An interesting interview covering client library and SDK strategy, the importance of boring tools and adopting new technologies.

The title is “How Paul Osman thinks about long-term strategies, open telemetry, and the value of boring systems”.
An article in a series of interviews with standout engineering leaders to learn what’s top of mind for them, called “Level-Up”. As the title suggests, the interviewer, or the author, has extracted the points from an interview video with Paul Osman, a Staff Platform Engineer at Honeycomb.
At the end is a video of the entire interview for about 30 minutes embedded.

A post on the evolution of distributed tracing over the past 5 years.

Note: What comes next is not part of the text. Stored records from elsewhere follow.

(* Let $X=\{x_j\mid j\in J\}$ be a set, $\tilde q$ a symbol not in $X$, $V$ the $\mathbf{k}$-vector space with basis $X\cup\{\tilde q\}$, $T(V)$ its tensor algebra, $I$ the two-sided ideal generated by $\{\tilde q\otimes\tilde q-\tilde q\}\cup\{\tilde q\otimes a\otimes\tilde q-\tilde q\otimes a\mid a\in T(V)\}$, $\hat A:=T(V)/I$, $\hat q:=\tilde q+I$, $\hat 1$ the identity of $\hat A$, and $\hat x_j:=x_j+I$. Then the set $$\hat S:=\{\hat 1,\ \hat q\}\cup\{\hat x_{j_1}\cdots\hat x_{j_m},\ \hat x_{j_1}\cdots\hat x_{j_t}\hat q\,\hat x_{j_{t+1}}\cdots\hat x_{j_m}\mid j_1,\dots,j_m\in J,\ m\ge1,\ 0\le t\le m\}$$ is a $\mathbf{k}$-basis of the vector space $(\hat A,\hat q)$.
   Context: For an associative algebra $A$ with idempotent $q$, $(A,q):=\{x\in A\mid qxq=qx\}$ is the invariant algebra induced by $q$ (here $(\hat A,\hat q)=\hat A$ is the free invariant algebra generated by $X$). The indices $j_1,\dots,j_m$ are arbitrary (repetitions allowed). *)

theory Defs
  imports Main
begin

text \<open>Letters: None stands for the extra symbol q-tilde, Some j for x_j.  The tensor algebra T(V) of the
  vector space V with basis X \<union> {q-tilde} is the free associative algebra on these
  letters: finitely supported k-valued functions on words, with concatenation
  (convolution) product.\<close>

type_synonym 'j word = "'j option list"
type_synonym ('j, 'k) fa = "'j word \<Rightarrow> 'k"

definition FA :: "('j, 'k::zero) fa set" where
  "FA = {f. finite {w. f w \<noteq> 0}}"

definition fa_add :: "('j, 'k::plus) fa \<Rightarrow> ('j, 'k) fa \<Rightarrow> ('j, 'k) fa" where
  "fa_add f g = (\<lambda>w. f w + g w)"

definition fa_diff :: "('j, 'k::minus) fa \<Rightarrow> ('j, 'k) fa \<Rightarrow> ('j, 'k) fa" where
  "fa_diff f g = (\<lambda>w. f w - g w)"

definition fa_mult :: "('j, 'k::semiring_0) fa \<Rightarrow> ('j, 'k) fa \<Rightarrow> ('j, 'k) fa" where
  "fa_mult f g = (\<lambda>w. \<Sum>i\<le>length w. f (take i w) * g (drop i w))"

definition mono :: "'j word \<Rightarrow> ('j, 'k::{zero,one}) fa" where
  "mono w = (\<lambda>v. if v = w then 1 else 0)"

definition qt :: "('j, 'k::{zero,one}) fa" where
  "qt = mono [None]"

inductive_set ideal_gen :: "('j, 'k::comm_ring_1) fa set \<Rightarrow> ('j, 'k) fa set"
  for R :: "('j, 'k) fa set" where
  gen: "r \<in> R \<Longrightarrow> r \<in> ideal_gen R"
| zero: "(\<lambda>w. 0) \<in> ideal_gen R"
| add: "a \<in> ideal_gen R \<Longrightarrow> b \<in> ideal_gen R \<Longrightarrow> fa_add a b \<in> ideal_gen R"
| lmult: "a \<in> FA \<Longrightarrow> b \<in> ideal_gen R \<Longrightarrow> fa_mult a b \<in> ideal_gen R"
| rmult: "a \<in> FA \<Longrightarrow> b \<in> ideal_gen R \<Longrightarrow> fa_mult b a \<in> ideal_gen R"

definition Irel :: "('j, 'k::comm_ring_1) fa set" where
  "Irel = ideal_gen ({fa_diff (fa_mult qt qt) qt}
      \<union> {fa_diff (fa_mult (fa_mult qt a) qt) (fa_mult qt a) | a. a \<in> FA})"

text \<open>f + I lies in the invariant algebra (A-hat, q-hat), i.e. q f q - q f \<in> I.\<close>
definition in_inv :: "('j, 'k::comm_ring_1) fa \<Rightarrow> bool" where
  "in_inv f \<longleftrightarrow> f \<in> FA \<and> fa_diff (fa_mult (fa_mult qt f) qt) (fa_mult qt f) \<in> Irel"

definition S_hat :: "'j word set" where
  "S_hat = {[], [None]}
     \<union> {map Some js | js. length js \<ge> 1}
     \<union> {map Some (take t js) @ [None] @ map Some (drop t js) | js t.
          length js \<ge> 1 \<and> t \<le> length js}"

end

theory Submission
  imports Defs
begin

text \<open>Let nf w, the normal form of a word w, keep the first occurrence of q-tilde and delete
  all later ones.  The normal forms are exactly the words with at most one q-tilde, i.e. the
  elements of S-hat.  The relators q a q - q a allow deleting any q-tilde that has an earlier
  q-tilde to its left, so every word is congruent to its normal form modulo I, and S-hat spans.
  Conversely, for every h the linear functional sending f to the sum of f(w) h(nf w) vanishes
  on I: it kills the relators because nf (q v q) = nf (q v), and its kernel is an ideal
  because nf (u nf(v)) = nf (u v) = nf (nf(u) v).  Taking h the indicator function of an element of
  S-hat extracts its coefficient, which gives linear independence.  Membership in the invariant
  algebra is automatic, since q a q - q a \<in> I for every a.\<close>

lemma mono_FA: "mono w \<in> FA"
  unfolding FA_def mono_def by (simp add: Collect_conv_if)

lemma fa_add_FA: "f \<in> FA \<Longrightarrow> g \<in> FA \<Longrightarrow> fa_add f (g :: ('j, 'k::monoid_add) fa) \<in> FA"
  unfolding FA_def fa_add_def
  by (auto intro: finite_subset[of _ "{w. f w \<noteq> 0} \<union> {w. g w \<noteq> 0}"])

lemma fa_diff_FA: "f \<in> FA \<Longrightarrow> g \<in> FA \<Longrightarrow> fa_diff f (g :: ('j, 'k::group_add) fa) \<in> FA"
  unfolding FA_def fa_diff_def
  by (auto intro: finite_subset[of _ "{w. f w \<noteq> 0} \<union> {w. g w \<noteq> 0}"])

lemma fa_mult_FA:
  fixes a b :: "('j, 'k::semiring_0) fa"
  assumes "a \<in> FA" "b \<in> FA"
  shows "fa_mult a b \<in> FA"
proof -
  let ?T = "(\<lambda>(u, v). u @ v) ` ({u. a u \<noteq> 0} \<times> {v. b v \<noteq> 0})"
  have "{w. fa_mult a b w \<noteq> 0} \<subseteq> ?T"
  proof
    fix w assume "w \<in> {w. fa_mult a b w \<noteq> 0}"
    then obtain i where "a (take i w) \<noteq> 0" "b (drop i w) \<noteq> 0"
      unfolding fa_mult_def by (metis (mono_tags, lifting) mem_Collect_eq mult_not_zero sum.neutral)
    then show "w \<in> ?T" by (auto intro!: image_eqI[of _ _ "(take i w, drop i w)"])
  qed
  moreover have "finite ?T" using assms by (simp add: FA_def)
  ultimately show ?thesis unfolding FA_def by (auto intro: finite_subset)
qed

The title is “Five years evolution of open-source distributed tracing”.
It summarizes what the author has learned in the five years since It started working on the OSS distributed tracing project, shows the evolution of the OSS distributed tracing space in chronological order, and peek into the future.
The explanation focuses on the following projects summarized in the Reference.
○ Hawkular APM: https://hawkular.gitbooks.io/hawkular-apm-user-guide/content/
○ Jaeger Tracing: https://www.jaegertracing.io/
○ Zipkin: https://zipkin.io/
○ OpenTelemetry: https://opentelemetry.io/
○ OpenCensus: https://opencensus.io/
○ Hypertrace: https://www.hypertrace.org/
○ SigNoz: https://signoz.io/
○ Apache SkyWalking: https://skywalking.apache.org/
○ W3C Trace-Context: https://www.w3.org/TR/trace-context/
○ Grafana Tempo: https://github.com/grafana/tempo

As with most things, the DORA metrics can be used poorly or misrepresented. As the post states, when a measure becomes a target, it ceases to be a good measure.

The title is “How DevOps teams are using — and abusing — DORA metrics”.
As the title and comments from the Editor above, DORA (DevOps Research and Assessment) metrics are explained in the following points.
○ DORA metrics can be a double-edged sword
○ Here’s the problem you really need to solve
○ It all starts with building the right culture
○ Keep learning

Pull requests as an attack vector. A well explained example of a potential attack, and some specific advice for others to help avoid this soft of supply chain attack.

The title is “Anatomy of a Cloud Infrastructure Attack via a Pull Request”.
It focuses on the April 2021 vulnerability that allows malicious pull requests to the Github repository to gain access to production, and the key areas where we are improving CI/CD tools and practices. It is explained in the following points.
○ Context
○ Technical details
○ Response
○ Advice to others
○ Wrap-up

A deep dive, multi-page, look at Linux Page Cache. If you’re administering Linux machines then understanding this can help with debugging various IO issues.

The title is “SRE deep dive into Linux Page Cache”.
Chapter 0 page of the series that describes the Linux page cache. Chapter structure is as follows.
0. Linux Page Cache for SRE
1. Prepare environments
2. Essential theory
3. Basic file operations
4. Eviction and page reclaim
5. More about mmap()
6. Cgroup v2
7. Unique set and working set
8. Direct IO
9. Advanced tools

Kubernetes is a lot when it comes to operating a new system. This post is a good set of common beginner errors.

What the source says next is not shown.